(* Let $\alpha\in(0,1)$, $\lambda>0$, and let $\Theta$ have density $f_\Theta(\theta)=\frac{(\theta-\lambda)^{-\alpha}\lambda^\alpha}{\theta\,\Gamma(1-\alpha)\Gamma(\alpha)}$ for $\theta\ge\lambda$ (and $0$ otherwise). Let $(X_1,\dots,X_n)$ be such that, given $\Theta=\theta$, $X_1,\dots,X_n$ are independent exponential random variables with hazard rate $\theta$. Then the $X_i$ are identically distributed with marginal survival function $\bar F_X(x)=\Pr(X_i>x)=\Gamma(\alpha,\lambda x)/\Gamma(\alpha)$, and the survival copula $\bar C$ of $(X_1,\dots,X_n)$, i.e. the function with $\Pr(X_1>x_1,\dots,X_n>x_n)=\bar C(\bar F_X(x_1),\dots,\bar F_X(x_n))$, is $$\bar C(u_1,\dots,u_n)=1-F_{G_\alpha}\big(Q_{G_\alpha}(1-u_1)+\dots+Q_{G_\alpha}(1-u_n)\big),\qquad u_i\in[0,1],$$ where $F_{G_\alpha}$ and $Q_{G_\alpha}$ denote the cdf and the quantile function of the gamma distribution with shape parameter $\alpha$ and unit scale.
   Context: $\Gamma(a,x)=\int_x^\infty t^{a-1}e^{-t}\,dt$ is the upper incomplete gamma function. The gamma distribution with shape $\alpha$ and unit scale has density $x^{\alpha-1}e^{-x}/\Gamma(\alpha)$, $x>0$. *)

theory Defs
  imports "HOL-Probability.Probability"
begin

definition upper_inc_Gamma :: "real \<Rightarrow> real \<Rightarrow> real" where
  "upper_inc_Gamma a x = (\<integral>t\<in>{x..}. t powr (a - 1) * exp (- t) \<partial>lborel)"

definition theta_density :: "real \<Rightarrow> real \<Rightarrow> real \<Rightarrow> real" where
  "theta_density \<alpha> l \<theta> =
     (if \<theta> \<ge> l then (\<theta> - l) powr (- \<alpha>) * l powr \<alpha> / (\<theta> * Gamma (1 - \<alpha>) * Gamma \<alpha>)
      else 0)"

definition gamma_cdf :: "real \<Rightarrow> real \<Rightarrow> real" where
  "gamma_cdf a x = (if x \<le> 0 then 0
      else (\<integral>t\<in>{0..x}. t powr (a - 1) * exp (- t) / Gamma a \<partial>lborel))"

text \<open>Quantile (generalized inverse) of the gamma distribution, taken over its
  support [0,infty), so that the quantile at 0 is 0.\<close>
definition gamma_quantile :: "real \<Rightarrow> real \<Rightarrow> real" where
  "gamma_quantile a p = Inf {x. 0 \<le> x \<and> p \<le> gamma_cdf a x}"

definition surv_copula :: "real \<Rightarrow> nat \<Rightarrow> (nat \<Rightarrow> real) \<Rightarrow> real" where
  "surv_copula a n u = 1 - gamma_cdf a (\<Sum>i<n. gamma_quantile a (1 - u i))"

definition marg_surv :: "real \<Rightarrow> real \<Rightarrow> real \<Rightarrow> real" where
  "marg_surv \<alpha> l x = upper_inc_Gamma \<alpha> (l * x) / Gamma \<alpha>"

end

theory Submission
  imports Defs
begin

text \<open>Conditionally on \<open>\<Theta> = \<theta>\<close>, all \<open>X\<^sub>i\<close> with \<open>i \<in> I\<close> exceed \<open>x\<^sub>i\<close> with probability
  \<open>exp (- \<theta> s)\<close>, \<open>s = (\<Sum>i\<in>I. x\<^sub>i)\<close>; so every joint survival probability is the Laplace
  transform of \<open>\<Theta>\<close> at some \<open>s \<ge> 0\<close>. Writing the factor \<open>1 / \<theta>\<close> of the density as
  \<open>\<integral>\<^sub>0\<^sup>\<infinity> exp (- \<theta> r) dr\<close> and integrating over \<open>\<theta>\<close> first turns this transform into
  \<open>\<Gamma>(\<alpha>, \<lambda> s) / \<Gamma>(\<alpha>) = 1 - F(\<lambda> s)\<close>, \<open>F\<close> the gamma cdf. Thus the marginal survival
  function is \<open>1 - F(\<lambda> x)\<close>, and since \<open>F\<close> is strictly increasing on \<open>[0, \<infinity>)\<close> its quantile
  function maps \<open>F(\<lambda> x\<^sub>i)\<close> back to \<open>\<lambda> x\<^sub>i\<close>, so that \<open>1 - F(\<lambda> \<Sum>x\<^sub>i)\<close> is the claimed copula
  evaluated at the marginals.\<close>

section \<open>Gamma integrals\<close>

lemma nn_integral_powr_exp_scaled:
  fixes b u :: real assumes b: "0 < b" and u: "0 < u"
  shows "(\<integral>\<^sup>+t. ennreal (indicator {0..} t * t powr (b - 1) * exp (- (u * t))) \<partial>lborel)
       = ennreal (Gamma b / u powr b)"
proof -
  have "(\<integral>\<^sup>+t. ennreal (indicator {0..} t * t powr (b - 1) * exp (- (u * t))) \<partial>lborel)
      = ennreal \<bar>1 / u\<bar> * (\<integral>\<^sup>+v. ennreal (indicator {0..} (0 + 1 / u * v) * (0 + 1 / u * v) powr (b - 1)
            * exp (- (u * (0 + 1 / u * v)))) \<partial>lborel)"
    by (rule nn_integral_real_affine) (use u in auto)
  also have "\<dots> = ennreal (1 / u) * (\<integral>\<^sup>+v. ennreal (u powr (1 - b))
                    * ennreal (indicator {0..} v * v powr (b - 1) / exp v) \<partial>lborel)"
    using u by (intro arg_cong2[where f = "(*)"] nn_integral_cong)
      (auto simp: ennreal_mult'[symmetric] indicator_def powr_divide powr_diff exp_minus field_simps)
  also have "\<dots> = ennreal (1 / u) * (ennreal (u powr (1 - b)) * ennreal (Gamma b))"
    by (subst nn_integral_cmult) (simp_all add: Gamma_conv_nn_integral_real[OF b])
  also have "\<dots> = ennreal (Gamma b / u powr b)"
    using u b by (simp add: ennreal_mult'[symmetric] powr_diff Gamma_real_pos less_imp_le)
  finally show ?thesis .
qed
lemma blk_mult_vec:
  assumes "v \<in> carrier_vec n" "Suc k < n"
  shows "blk n (Suc k) a b c d *\<^sub>v v = vec n (\<lambda>p.
    if p = k then a * v $ k + b * v $ Suc k
    else if p = Suc k then c * v $ k + d * v $ Suc k else v $ p)" (is "_ = vec n ?f")
proof (rule eq_vecI)
  fix p assume "p < dim_vec (vec n ?f)"
  then have p: "p < n" by simp
  have "(blk n (Suc k) a b c d *\<^sub>v v) $ p = (\<Sum>q<n. blk n (Suc k) a b c d $$ (p, q) * v $ q)"
    using assms p by (simp add: scalar_prod_def lessThan_atLeast0)
  also have "\<dots> = (\<Sum>q<n.
      if p = k then (if q = k then a * v $ q else 0) + (if q = Suc k then b * v $ q else 0)
      else if p = Suc k then (if q = k then c * v $ q else 0) + (if q = Suc k then d * v $ q else 0)
      else if q = p then v $ q else 0)"
    using assms p by (intro sum.cong) (auto simp: blk_def)
  finally show "(blk n (Suc k) a b c d *\<^sub>v v) $ p = vec n ?f $ p"
    using assms p by (auto simp: sum.distrib)
qed simp

lemma vec_sum_split_pair:
  assumes "v \<in> carrier_vec n" "Suc k < n"
  shows "vec_sum v = v $ k + v $ Suc k + (\<Sum>p \<in> {..<n} - {k, Suc k}. v $ p)"
proof -
  have "vec_sum v = (\<Sum>p \<in> {k, Suc k}. v $ p) + (\<Sum>p \<in> {..<n} - {k, Suc k}. v $ p)"
    using assms unfolding vec_sum_def by (subst sum.subset_diff[of "{k, Suc k}"]) auto
  then show ?thesis
    by simp
qed
(* Let $\lambda$ be a strict partition. Then: (i) the number of standard shifted barely set-valued tableaux of shape $\lambda$ equals $(|\lambda|+1)\,2^{|\lambda|+1}\,g^\lambda\cdot\mathbb{E}(\mathrm{maxchain}_{[\varnothing,\lambda]_{\mathrm{shift}}};\mathrm{ddeg})$; (ii) the number of diagonally unprimed standard shifted barely set-valued tableaux of shape $\lambda$ equals $(|\lambda|+1)\,2^{|\lambda|-\ell(\lambda)}\,g^\lambda\cdot\mathbb{E}\big(\mathrm{maxchain}_{[\varnothing,\lambda]_{\mathrm{shift}}};\,2\cdot\mathrm{ddeg}-\sum_{i=1}^{\ell(\lambda)}\mathcal{T}^-_{[i,i]}\big)$.
   Context: $P^{\mathrm{shift}}_\lambda$ is the set of boxes $[i,j]$ with $1\le i\le\ell(\lambda)$, $i\le j\le i+\lambda_i-1$, ordered by $[i,j]\le[i',j']$ iff $i\le i'$ and $j\le j'$; $[i,i]$ are the main diagonal boxes. $[\varnothing,\lambda]_{\mathrm{shift}}\cong J(P^{\mathrm{shift}}_\lambda)$ is the set of strict partitions contained in $\lambda$ ordered by inclusion; $\mathrm{maxchain}$ gives each element probability proportional to the number of maximal chains through it; $\mathrm{ddeg}$ is the number of covered elements; $\mathcal{T}^-_p(I)=1$ iff $p\in I$ is maximal in $I$, else $0$. Use the alphabet $1<1'<2<2'<\cdots$. A shifted set-valued tableau of shape $\lambda$ assigns to each box $u$ a finite nonempty set $T(u)$ of such letters with: $\max T(u)\le\min T(v)$ whenever $u<v$ in $P^{\mathrm{shift}}_\lambda$; each unprimed letter appears at most once in each column; each primed letter at most once in each row. Its monomial is $\mathbf{x}^T=\prod_u\prod_{i\in T(u)}x_i\prod_{i'\in T(u)}x_i$. $T$ is standard if $\mathbf{x}^T=x_1x_2\cdots x_N$ for some $N$; barely set-valued if exactly one box has $\#T(u)=2$ and all others have $\#T(u)=1$; diagonally unprimed if no primed letter occurs in a main diagonal box. $g^\lambda$ is the number of standard shifted tableaux (all $\#T(u)=1$) of shape $\lambda$ with no primed entries (equivalently, linear extensions of $P^{\mathrm{shift}}_\lambda$). *)

theory Defs
  imports Complex_Main "HOL-Library.Multiset" "HOL-Library.Product_Lexorder"
begin

text \<open>A strict partition is a strictly decreasing list of positive integers;
  lambda_i = lam ! (i - 1) (1-indexed rows).\<close>
definition strict_partition :: "nat list \<Rightarrow> bool" where
  "strict_partition lam \<longleftrightarrow> sorted_wrt (>) lam \<and> (\<forall>x\<in>set lam. 0 < x)"

definition size_part :: "nat list \<Rightarrow> nat" where
  "size_part lam = sum_list lam"

definition shifted_diagram :: "nat list \<Rightarrow> (nat \<times> nat) set" where
  "shifted_diagram lam =
     {(i, j). 1 \<le> i \<and> i \<le> length lam \<and> i \<le> j \<and> j + 1 \<le> i + lam ! (i - 1)}"

definition box_le :: "nat \<times> nat \<Rightarrow> nat \<times> nat \<Rightarrow> bool" where
  "box_le u v \<longleftrightarrow> fst u \<le> fst v \<and> snd u \<le> snd v"

definition box_less :: "nat \<times> nat \<Rightarrow> nat \<times> nat \<Rightarrow> bool" where
  "box_less u v \<longleftrightarrow> box_le u v \<and> u \<noteq> v"

definition order_ideals :: "(nat \<times> nat) set \<Rightarrow> (nat \<times> nat) set set" where
  "order_ideals P = {I. I \<subseteq> P \<and> (\<forall>u\<in>I. \<forall>v\<in>P. box_le v u \<longrightarrow> v \<in> I)}"

definition max_chains :: "'a set set \<Rightarrow> 'a set set set" where
  "max_chains L = {C. C \<in> chains L \<and> \<not> (\<exists>D\<in>chains L. C \<subset> D)}"

definition nchains_through :: "'a set set \<Rightarrow> 'a set \<Rightarrow> nat" where
  "nchains_through L x = card {C \<in> max_chains L. x \<in> C}"

definition exp_maxchain :: "'a set set \<Rightarrow> ('a set \<Rightarrow> real) \<Rightarrow> real" where
  "exp_maxchain L f =
     (\<Sum>x\<in>L. real (nchains_through L x) * f x) / (\<Sum>x\<in>L. real (nchains_through L x))"
(* Let $G$ be a graph with $m\ge1$ edges, let $k\ge 0$ and $0\le p\le m$ be integers, $\ell=m-p$, $\eta\ge1$, and $E=E(G,\eta)$ as in the context. If $G$ has a set $U\subseteq V(G)$ with $|U|\le k$ incident to at least $p$ edges, then there is a decision tree $T$ with $|T|=dep(T)\le k$ and $|O(T,E)|\le\ell\eta$.
   Context: Fix an ordering $e_1,\dots,e_m$ of $E(G)$. For a positive integer $\eta$, $E(G,\eta)$ has features $V(G)\cup\{d_0\}$ and, for each $r\in[\eta]$ and $i\in[m]$: a negative example with $d_0=2m(r-1)+2i-1$ and, for each $v\in V(G)$, value $1$ if $v$ is an endpoint of $e_i$ and $0$ otherwise; and a positive example with $d_0=2m(r-1)+2i$ and value $0$ on every vertex feature. A decision tree (DT) is a rooted tree whose test nodes $v$ carry a feature $f(v)$ and integer threshold $\lambda(v)$ (examples with $e(f(v))\le\lambda(v)$ go left, others right) and whose leaves are labeled positive or negative. $|T|$ = number of test nodes; $dep(T)$ = maximum number of test nodes on a root-to-leaf path. An example is an outlier for $T$ if it reaches a leaf with the opposite label; $O(T,E)$ is the set of outliers. *)

theory Defs
  imports Main
begin

text \<open>A simple graph on a finite vertex set V, with edges given as a list
  es = [e_1,...,e_m] (the fixed ordering of E(G)); each edge is a 2-element
  subset of V and edges are pairwise distinct.\<close>
definition simple_graph :: "'v set \<Rightarrow> 'v set list \<Rightarrow> bool" where
  "simple_graph V es \<longleftrightarrow> finite V \<and> distinct es \<and>
     (\<forall>e\<in>set es. e \<subseteq> V \<and> card e = 2)"

text \<open>Features: Some v for a vertex feature v, None for the special feature d_0.
  An example is a pair (feature assignment, label); label True = positive.\<close>
type_synonym 'v example = "('v option \<Rightarrow> int) \<times> bool"

definition neg_ex :: "'v set list \<Rightarrow> nat \<Rightarrow> nat \<Rightarrow> 'v example" where
  "neg_ex es r i =
     ((\<lambda>f. case f of None \<Rightarrow> int (2 * length es * (r - 1) + 2 * i - 1)
                   | Some v \<Rightarrow> (if v \<in> es ! (i - 1) then 1 else 0)), False)"

definition pos_ex :: "'v set list \<Rightarrow> nat \<Rightarrow> nat \<Rightarrow> 'v example" where
  "pos_ex es r i =
     ((\<lambda>f. case f of None \<Rightarrow> int (2 * length es * (r - 1) + 2 * i)
                   | Some v \<Rightarrow> 0), True)"

definition dataset :: "'v set list \<Rightarrow> nat \<Rightarrow> 'v example set" where
  "dataset es \<eta> =
     {neg_ex es r i | r i. r \<in> {1..\<eta>} \<and> i \<in> {1..length es}} \<union>
     {pos_ex es r i | r i. r \<in> {1..\<eta>} \<and> i \<in> {1..length es}}"

datatype 'f dtree = Leaf bool | Node 'f int "'f dtree" "'f dtree"

fun classify :: "'f dtree \<Rightarrow> ('f \<Rightarrow> int) \<Rightarrow> bool" where
  "classify (Leaf b) x = b"
| "classify (Node f t l r) x = (if x f \<le> t then classify l x else classify r x)"

fun tsize :: "'f dtree \<Rightarrow> nat" where
  "tsize (Leaf b) = 0"
| "tsize (Node f t l r) = Suc (tsize l + tsize r)"

fun tdepth :: "'f dtree \<Rightarrow> nat" where
  "tdepth (Leaf b) = 0"
| "tdepth (Node f t l r) = Suc (max (tdepth l) (tdepth r))"

fun tfeatures :: "'f dtree \<Rightarrow> 'f set" where
  "tfeatures (Leaf b) = {}"
| "tfeatures (Node f t l r) = insert f (tfeatures l \<union> tfeatures r)"

definition outliers :: "'f dtree \<Rightarrow> (('f \<Rightarrow> int) \<times> bool) set \<Rightarrow> (('f \<Rightarrow> int) \<times> bool) set" where
  "outliers T E = {e \<in> E. classify T (fst e) \<noteq> snd e}"

end

theory Submission
  imports Defs
begin

text \<open>Test every vertex of a cover U \<subseteq> V(G) of at least p edges in turn, sending an
  example to a negative leaf as soon as one of these features is positive. Positive
  examples vanish on all vertex features and so end in the positive leaf, and so does a
  negative example exactly when its edge misses U. Hence the only outliers are the
  negative examples of the at most \<ell> = m - p uncovered edges, \<ell> in each of the
  \<eta> rounds, and the tree is a path with |U| \<le> k test nodes.\<close>

fun test_chain :: "'f list \<Rightarrow> 'f dtree" where
  "test_chain [] = Leaf True"
| "test_chain (f # fs) = Node f 0 (test_chain fs) (Leaf False)"

lemma classify_test_chain: "classify (test_chain fs) x \<longleftrightarrow> (\<forall>f\<in>set fs. x f \<le> 0)"
  by (induction fs) auto

lemma tsize_test_chain: "tsize (test_chain fs) = length fs"
  by (induction fs) auto

lemma tdepth_test_chain: "tdepth (test_chain fs) = length fs"
  by (induction fs) auto

lemma tfeatures_test_chain: "tfeatures (test_chain fs) = set fs"
  by (induction fs) auto

lemma card_lessThan_filter_add_filter_not:
  "card {i. i < n \<and> P i} + card {i. i < n \<and> \<not> P i} = n"
proof -
  have "{..<n} = {i. i < n \<and> P i} \<union> {i. i < n \<and> \<not> P i}" by auto
  then have "n = card ({i. i < n \<and> P i} \<union> {i. i < n \<and> \<not> P i})"
    by (metis card_lessThan)
  also have "\<dots> = card {i. i < n \<and> P i} + card {i. i < n \<and> \<not> P i}"
    by (rule card_Un_disjoint) auto
  finally show ?thesis by simp
qed

lemma outliers_test_chain_dataset:
  "outliers (test_chain (map Some vs)) (dataset es \<eta>) \<subseteq>
     (\<lambda>(r, i). neg_ex es r (Suc i)) ` ({1..\<eta>} \<times> {i. i < length es \<and> es ! i \<inter> set vs = {}})"
    (is "_ \<subseteq> ?neg ` ({1..\<eta>} \<times> ?uncovered)")
proof
  fix e
  assume "e \<in> outliers (test_chain (map Some vs)) (dataset es \<eta>)"
  then have e: "e \<in> dataset es \<eta>" and wrong: "(\<forall>v\<in>set vs. fst e (Some v) \<le> 0) \<noteq> snd e"
    by (auto simp: outliers_def classify_test_chain)
  from e obtain r i where r: "r \<in> {1..\<eta>}" and i: "i \<in> {1..length es}"
    and "e = neg_ex es r i \<or> e = pos_ex es r i"
    unfolding dataset_def by blast
  moreover have "e \<noteq> pos_ex es r i"
    using wrong by (auto simp: pos_ex_def)
  ultimately have "e = ?neg (r, i - 1)" and "es ! (i - 1) \<inter> set vs = {}"
    using wrong i by (auto simp: neg_ex_def split: if_splits)
  with r i show "e \<in> ?neg ` ({1..\<eta>} \<times> ?uncovered)"
    by (intro rev_image_eqI[of "(r, i - 1)"]) auto
qed

lemma card_outliers_test_chain_dataset:
  "card (outliers (test_chain (map Some vs)) (dataset es \<eta>)) \<le>
     \<eta> * card {i. i < length es \<and> es ! i \<inter> set vs = {}}"
proof -
  let ?uncovered = "{i. i < length es \<and> es ! i \<inter> set vs = {}}"
  have "card (outliers (test_chain (map Some vs)) (dataset es \<eta>)) \<le>
          card ((\<lambda>(r, i). neg_ex es r (Suc i)) ` ({1..\<eta>} \<times> ?uncovered))"
    by (rule card_mono[OF _ outliers_test_chain_dataset]) simp
  also have "\<dots> \<le> card ({1..\<eta>} \<times> ?uncovered)"
    by (rule card_image_le) simp
  finally show ?thesis
    by (simp add: card_cartesian_product)
qed

theorem lemma1:
  fixes V :: "'v set" and es :: "'v set list" and k p \<eta> :: nat
  assumes "simple_graph V es"
    and "length es \<ge> 1"
    and "p \<le> length es"
    and "\<eta> \<ge> 1"
    and "\<exists>U. U \<subseteq> V \<and> card U \<le> k \<and>
            card {i. i < length es \<and> es ! i \<inter> U \<noteq> {}} \<ge> p"
  shows "\<exists>T :: 'v option dtree.
           tfeatures T \<subseteq> insert None (Some ` V) \<and>
           tsize T = tdepth T \<and> tdepth T \<le> k \<and>
           card (outliers T (dataset es \<eta>)) \<le> (length es - p) * \<eta>"
proof -
  obtain U where "U \<subseteq> V" "card U \<le> k"
    and covered: "p \<le> card {i. i < length es \<and> es ! i \<inter> U \<noteq> {}}"
    using assms(5) by blast
  moreover have "finite U"
    using \<open>U \<subseteq> V\<close> assms(1) finite_subset unfolding simple_graph_def by blast
  ultimately obtain vs where "set vs = U" "length vs \<le> k"
    by (metis finite_distinct_list distinct_card)
  let ?T = "test_chain (map Some vs)"
  have "card {i. i < length es \<and> es ! i \<inter> set vs = {}} \<le> length es - p"
    using covered \<open>set vs = U\<close>
      card_lessThan_filter_add_filter_not[of "length es" "\<lambda>i. es ! i \<inter> U \<noteq> {}"]
    by simp
  then have "card (outliers ?T (dataset es \<eta>)) \<le> \<eta> * (length es - p)"
    using card_outliers_test_chain_dataset[of vs es \<eta>] by (meson le_trans mult_le_mono2)
  then show ?thesis
    using \<open>set vs = U\<close> \<open>U \<subseteq> V\<close> \<open>length vs \<le> k\<close>
    by (intro exI[of _ ?T])
      (auto simp: tsize_test_chain tdepth_test_chain tfeatures_test_chain mult.commute)
qed

end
━━━━━━━━━━━━━━━━━━━━
▶ **EXERCISE PROMPT**: Starting with the line above that holds "else if p = Suc k then c" and stopping with the line that holds "p = (\<Sum>q<n.", reproduce each line exactly, omitting all other lines.

▶ **WRITTEN SOLUTION**:
    else if p = Suc k then c * v $ k + d * v $ Suc k else v $ p)" (is "_ = vec n ?f")
proof (rule eq_vecI)
  fix p assume "p < dim_vec (vec n ?f)"
  then have p: "p < n" by simp
  have "(blk n (Suc k) a b c d *\<^sub>v v) $ p = (\<Sum>q<n. blk n (Suc k) a b c d $$ (p, q) * v $ q)"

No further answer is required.